Respect is earned - a message to young men

Today's youth culture contains an interesting and tragic irony when it comes to the issue of manhood and respect. There is a widely held belief that respect has something to do with conquest and winning, as publicly as possible. Fame and money are seen by some kids, (and parents, for that matter), as legitimate life goals in their own right, rather than a reward for hard work and talent. Social status is commonly based on being more popular and powerful, whether physically, financially or otherwise. The irony that respect and long term happiness has always been achieved by living life by precisely the opposite values seems to elude many young men today.

The tragedy is the number of kids whose lives are ruined by those who do not understand this simple truth: Respect is earned. The media has been full of stories these past few years of young men acting like thugs and sociopaths towards others, especially the young ladies in their lives. This isn't simply another social trend, it strikes at the heart of what it means to be a civilized society. These kids, whether bullies or victims, are going to be adults before we know it, and live their lives by their dog-eat-dog beliefs, experiences and behaviours for another generation.

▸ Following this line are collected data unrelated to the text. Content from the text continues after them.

(* Let $U$ be a finite nonempty set, $(T,I,N)$ a residual triplet, $\widetilde{R}$ a $T$-preorder relation on $U$, $u,v\in U$ and $\lambda\in[0,1]$. (i) If the granules $\widetilde{R}^+_{1}(u)$ and $\widetilde{R}^-_{\lambda}(v)$ are $T$-disjoint, then $\widetilde{R}^-_{\lambda}(v)$ is adjacent to $\widetilde{R}^+_{1}(u)$. (ii) If the granules $\widetilde{R}^+_{\lambda}(u)$ and $\widetilde{R}^-_{1}(v)$ are $T$-disjoint, then $\widetilde{R}^+_{\lambda}(u)$ is adjacent to $\widetilde{R}^-_{1}(v)$. That is, every granule is adjacent to every granule with parameter $1$ from which it is $T$-disjoint.
   Context: A residual triplet $(T,I,N)$ consists of a left-continuous $t$-norm $T$, its residual implicator $I(x,y)=\sup\{\beta\in[0,1]: T(x,\beta)\le y\}$ and $N(x)=I(x,0)$. $\widetilde{R}:U\times U\to[0,1]$ is a $T$-preorder if reflexive and $T$-transitive. Granules: $\widetilde{R}^+_\lambda(u)$ is the fuzzy set $w\mapsto T(\widetilde{R}(w,u),\lambda)$ and $\widetilde{R}^-_\lambda(v)$ is $w\mapsto T(\widetilde{R}(v,w),\lambda)$. Fuzzy sets $B,C$ on $U$ are $T$-disjoint if $T(B(w),C(w))=0$ for all $w$. Adjacency: $\widetilde{R}^-_{\lambda_2}(v)$ is adjacent to $\widetilde{R}^+_{\lambda_1}(u)$ if $\lambda_1=I(\lambda_2,N(\widetilde{R}(v,u)))$; $\widetilde{R}^+_{\lambda_1}(u)$ is adjacent to $\widetilde{R}^-_{\lambda_2}(v)$ if $\lambda_2=I(\lambda_1,N(\widetilde{R}(v,u)))$. *)

theory Defs
  imports "HOL-Analysis.Analysis"
begin

text \<open>t-norms are modelled as real functions whose behaviour on [0,1] matters.\<close>

definition tnorm :: "(real \<Rightarrow> real \<Rightarrow> real) \<Rightarrow> bool" where
  "tnorm T \<longleftrightarrow>
     (\<forall>x\<in>{0..1}. \<forall>y\<in>{0..1}. T x y \<in> {0..1}) \<and>
     (\<forall>x\<in>{0..1}. \<forall>y\<in>{0..1}. T x y = T y x) \<and>
     (\<forall>x\<in>{0..1}. \<forall>y\<in>{0..1}. \<forall>z\<in>{0..1}. T (T x y) z = T x (T y z)) \<and>
     (\<forall>x\<in>{0..1}. \<forall>x'\<in>{0..1}. \<forall>y\<in>{0..1}. x \<le> x' \<longrightarrow> T x y \<le> T x' y) \<and>
     (\<forall>x\<in>{0..1}. T x 1 = x)"

text \<open>Left-continuity (in the first argument; by commutativity also in the second).\<close>
definition left_continuous_tnorm :: "(real \<Rightarrow> real \<Rightarrow> real) \<Rightarrow> bool" where
  "left_continuous_tnorm T \<longleftrightarrow> tnorm T \<and>
     (\<forall>y\<in>{0..1}. \<forall>x\<in>{0<..1}. ((\<lambda>z. T z y) \<longlongrightarrow> T x y) (at x within {0..<x}))"

definition res_impl :: "(real \<Rightarrow> real \<Rightarrow> real) \<Rightarrow> real \<Rightarrow> real \<Rightarrow> real" where
  "res_impl T x y = Sup {\<beta> \<in> {0..1}. T x \<beta> \<le> y}"

definition res_neg :: "(real \<Rightarrow> real \<Rightarrow> real) \<Rightarrow> real \<Rightarrow> real" where
  "res_neg T x = res_impl T x 0"

definition t_preorder :: "(real \<Rightarrow> real \<Rightarrow> real) \<Rightarrow> 'a set \<Rightarrow> ('a \<Rightarrow> 'a \<Rightarrow> real) \<Rightarrow> bool" where
  "t_preorder T U R \<longleftrightarrow>
     (\<forall>x\<in>U. \<forall>y\<in>U. R x y \<in> {0..1}) \<and>
     (\<forall>x\<in>U. R x x = 1) \<and>
     (\<forall>x\<in>U. \<forall>y\<in>U. \<forall>z\<in>U. T (R x y) (R y z) \<le> R x z)"

definition gran_plus :: "(real \<Rightarrow> real \<Rightarrow> real) \<Rightarrow> ('a \<Rightarrow> 'a \<Rightarrow> real) \<Rightarrow> real \<Rightarrow> 'a \<Rightarrow> 'a \<Rightarrow> real" where
  "gran_plus T R lam u = (\<lambda>w. T (R w u) lam)"

definition gran_minus :: "(real \<Rightarrow> real \<Rightarrow> real) \<Rightarrow> ('a \<Rightarrow> 'a \<Rightarrow> real) \<Rightarrow> real \<Rightarrow> 'a \<Rightarrow> 'a \<Rightarrow> real" where
  "gran_minus T R lam v = (\<lambda>w. T (R v w) lam)"

definition t_disjoint :: "(real \<Rightarrow> real \<Rightarrow> real) \<Rightarrow> 'a set \<Rightarrow> ('a \<Rightarrow> real) \<Rightarrow> ('a \<Rightarrow> real) \<Rightarrow> bool" where
  "t_disjoint T U B C \<longleftrightarrow> (\<forall>w\<in>U. T (B w) (C w) = 0)"

definition adj_minus_plus :: "(real \<Rightarrow> real \<Rightarrow> real) \<Rightarrow> ('a \<Rightarrow> 'a \<Rightarrow> real) \<Rightarrow> real \<Rightarrow> 'a \<Rightarrow> real \<Rightarrow> 'a \<Rightarrow> bool" where
  "adj_minus_plus T R lam2 v lam1 u \<longleftrightarrow> lam1 = res_impl T lam2 (res_neg T (R v u))"

definition adj_plus_minus :: "(real \<Rightarrow> real \<Rightarrow> real) \<Rightarrow> ('a \<Rightarrow> 'a \<Rightarrow> real) \<Rightarrow> real \<Rightarrow> 'a \<Rightarrow> real \<Rightarrow> 'a \<Rightarrow> bool" where
  "adj_plus_minus T R lam1 u lam2 v \<longleftrightarrow> lam2 = res_impl T lam1 (res_neg T (R v u))"

end

theory Submission
  imports Defs
begin

text \<open>Evaluating the \<open>T\<close>-disjointness condition at \<open>w = v\<close>, where \<open>R v v = 1\<close>, gives
  \<open>T(R(v,u), \<lambda>) = 0\<close> in both cases. Hence \<open>\<lambda> \<le> N(R(v,u))\<close>, so \<open>\<beta> = 1\<close> satisfies
  \<open>T(\<lambda>, \<beta>) \<le> N(R(v,u))\<close> and the residuum \<open>I(\<lambda>, N(R(v,u)))\<close> equals \<open>1\<close>.\<close>

lemma tnorm_one_right: "tnorm T \<Longrightarrow> x \<in> {0..1} \<Longrightarrow> T x 1 = x"
  unfolding tnorm_def by blast

lemma tnorm_one_left: "tnorm T \<Longrightarrow> x \<in> {0..1} \<Longrightarrow> T 1 x = x"
  unfolding tnorm_def by (metis atLeastAtMost_iff order_refl zero_le_one)

lemma res_impl_upper:
  assumes "b \<in> {0..1}" and "T x b \<le> y"
  shows "b \<le> res_impl T x y"
  unfolding res_impl_def
  by (rule cSup_upper) (use assms in \<open>auto intro: bdd_aboveI[where M = 1]\<close>)

lemma res_impl_eq_one:
  assumes "tnorm T" and "x \<in> {0..1}" and "x \<le> y"
  shows "res_impl T x y = 1"
  unfolding res_impl_def
  by (rule cSup_eq_maximum) (use assms tnorm_one_right[OF assms(1,2)] in auto)

lemma res_impl_res_neg_eq_one:
  assumes "tnorm T" and "lam \<in> {0..1}" and "T a lam = 0"
  shows "res_impl T lam (res_neg T a) = 1"
proof -
  have "lam \<le> res_neg T a"
    unfolding res_neg_def using assms(2,3) by (intro res_impl_upper) auto
  then show ?thesis
    using assms(1,2) by (rule res_impl_eq_one[rotated 2])
qed

lemma t_disjoint_granules_imp_tnorm_zero:
  assumes T: "tnorm T" and R: "t_preorder T U R"
    and "u \<in> U" and v: "v \<in> U" and lam: "lam \<in> {0..1}"
  shows "t_disjoint T U (gran_plus T R 1 u) (gran_minus T R lam v) \<Longrightarrow> T (R v u) lam = 0"
    and "t_disjoint T U (gran_plus T R lam u) (gran_minus T R 1 v) \<Longrightarrow> T (R v u) lam = 0"
proof -
  have Rvu: "R v u \<in> {0..1}" and Rvv: "R v v = 1"
    using R \<open>u \<in> U\<close> v unfolding t_preorder_def by auto
  have "T (R v u) lam \<in> {0..1}"
    using T Rvu lam unfolding tnorm_def by blast
  note unit_laws = tnorm_one_left[OF T lam] tnorm_one_right[OF T Rvu] tnorm_one_right[OF T this]
    tnorm_one_right[OF T, of 1]
  show "T (R v u) lam = 0"
    if "t_disjoint T U (gran_plus T R 1 u) (gran_minus T R lam v)"
  proof -
    have "T (T (R v u) 1) (T (R v v) lam) = 0"
      using that v unfolding t_disjoint_def gran_plus_def gran_minus_def by blast
    then show ?thesis by (simp add: Rvv unit_laws)
  qed
  show "T (R v u) lam = 0"
    if "t_disjoint T U (gran_plus T R lam u) (gran_minus T R 1 v)"
  proof -
    have "T (T (R v u) lam) (T (R v v) 1) = 0"
      using that v unfolding t_disjoint_def gran_plus_def gran_minus_def by blast
    then show ?thesis by (simp add: Rvv unit_laws)
  qed
qed

theorem proposition5:
  fixes U :: "'a set" and T :: "real \<Rightarrow> real \<Rightarrow> real" and R :: "'a \<Rightarrow> 'a \<Rightarrow> real"
    and u v :: 'a and lam :: real
  assumes "finite U" and "U \<noteq> {}"
    and "left_continuous_tnorm T"
    and "t_preorder T U R"
    and "u \<in> U" and "v \<in> U" and "lam \<in> {0..1}"
  shows "(t_disjoint T U (gran_plus T R 1 u) (gran_minus T R lam v)
            \<longrightarrow> adj_minus_plus T R lam v 1 u)
       \<and> (t_disjoint T U (gran_plus T R lam u) (gran_minus T R 1 v)
            \<longrightarrow> adj_plus_minus T R lam u 1 v)"
proof -
  have T: "tnorm T"
    using assms(3) unfolding left_continuous_tnorm_def by simp
  note zero = t_disjoint_granules_imp_tnorm_zero[OF T assms(4-7)]
  show ?thesis
    unfolding adj_minus_plus_def adj_plus_minus_def
    using res_impl_res_neg_eq_one[OF T assms(7)] zero by simp
qed

end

This cannot be allowed to continue.

There have been many stories in the news of mothers who have lessons and wisdom to pass on to young women, often as a result of their brave decision to speak out after their daughters have been the victims of cyber-bullying or far worse. What I haven't seen as much of is the same sort of advice from fathers to their sons. It's past time that I put my two cents worth in on the subject. If you are a young man today, and your idea of how to treat women revolves around your own ego and social status, you have a lot to learn about what truly matters in life, and how the real world works.
"Reality is that which, when you stop believing in it, doesn't go away" ~ Phillip K Dick, author of Blade Runner, Minority Report, and Total Recall, among many other books.
There are a few simple universal truths in life, and no matter whether you choose to believe them or not, they will still be true. The truth also has a troublesome habit of teaching hard lessons in life if you don't listen to it. One truth is that smart people run the world. "Smart" in this context doesn't just mean book smart, or genius, or any of the usual definitions, not at all. It mostly means people that are smart enough to realize that good is better than evil. Kindness creates kindness in return, and people of good conscience empower each other to true happiness in life, regardless of any amount of materialistic or superficial "success".

Another universal truth is that human beings need each other; being alone doesn't suit us, we need companionship. Having a posse of insecure followers doesn't cut it, neither does celebrity worship by the masses. Only through having true friendship, sharing mutual trust and respect can people thrive. The thing about universal truths is that they became recognized as such because they never change, people have known them for thousands of years. Wisdom is a powerful tool for happiness.

I cannot speak to all the forms of human companionship, I can only pass on what I know about - how a young man should treat the young ladies in his life. I suspect that the same rules hold true for establishing and thriving in any loving relationship, regardless of the genders involved. My only experience is what I have been taught by my own father and others in life. That, and my own mistakes. Here, then, is what I've learned...

Respect women. If you want to be respected, there is only one way - treat others the same way. That pretty girl you are so fond of is a human being, with thoughts and feelings, not a toy for your pleasure. If she isn't interested, accept it. Treat her as any friend would like to be treated. Real men know that friendship comes first. They don't retaliate for their bruised ego by lashing out, like cyber harassing her, or bragging and lying to friends about her. Move on. If by chance the young lady is interested...

Cherish her. If a girl puts her trust in you, she thinks you've earned it, so live up to that. Consider yourself lucky that she has chosen you; not everyone finds a good friend to become close to. Don't treat her like a prize, treat her like the intelligent, caring person she is. Remember - her body is her's alone, just because she agreed to a date or two doesn't mean she owes you a damned thing, especially not sex. That's a subject for the two of you to discuss if you become a serious, long term couple, but remember, she has the last word on the subject.

Protect her. No, I don't mean that girls are helpless and weak. The "knight in shining armor" routine can be romantic if it's done for fun, but real life doesn't work that way. Real men know that's a silly, old fashioned cliche. I mean be her equal partner. What threatens or hurts her, threatens and hurts you too; you're a team. Don't treat her like she's a weakling, talk to her, face the challenge together, that's the whole point of being together.

And finally...

Be a man about it. Stand up for what's morally right, speak up for the weaker, respect your elders (they do know a thing or two), and be honest in your dealings with others. Lying, macho stupidity and acting like a thug will only lead to one of those intelligent people that I mentioned earlier being your boss one day. That's assuming you haven't screwed your life up so much that you can't keep a good job, and a happy social life.

The new definition of "cool" is being a gentleman. Consider this - how do you think the ladies will feel about an upstanding nice guy that shows strength in ways that muscle and money can't? Stand out as a decent young man the world will respect, and you'll find that doing good attracts the best friends you could ask for in life. The girls will notice, trust me.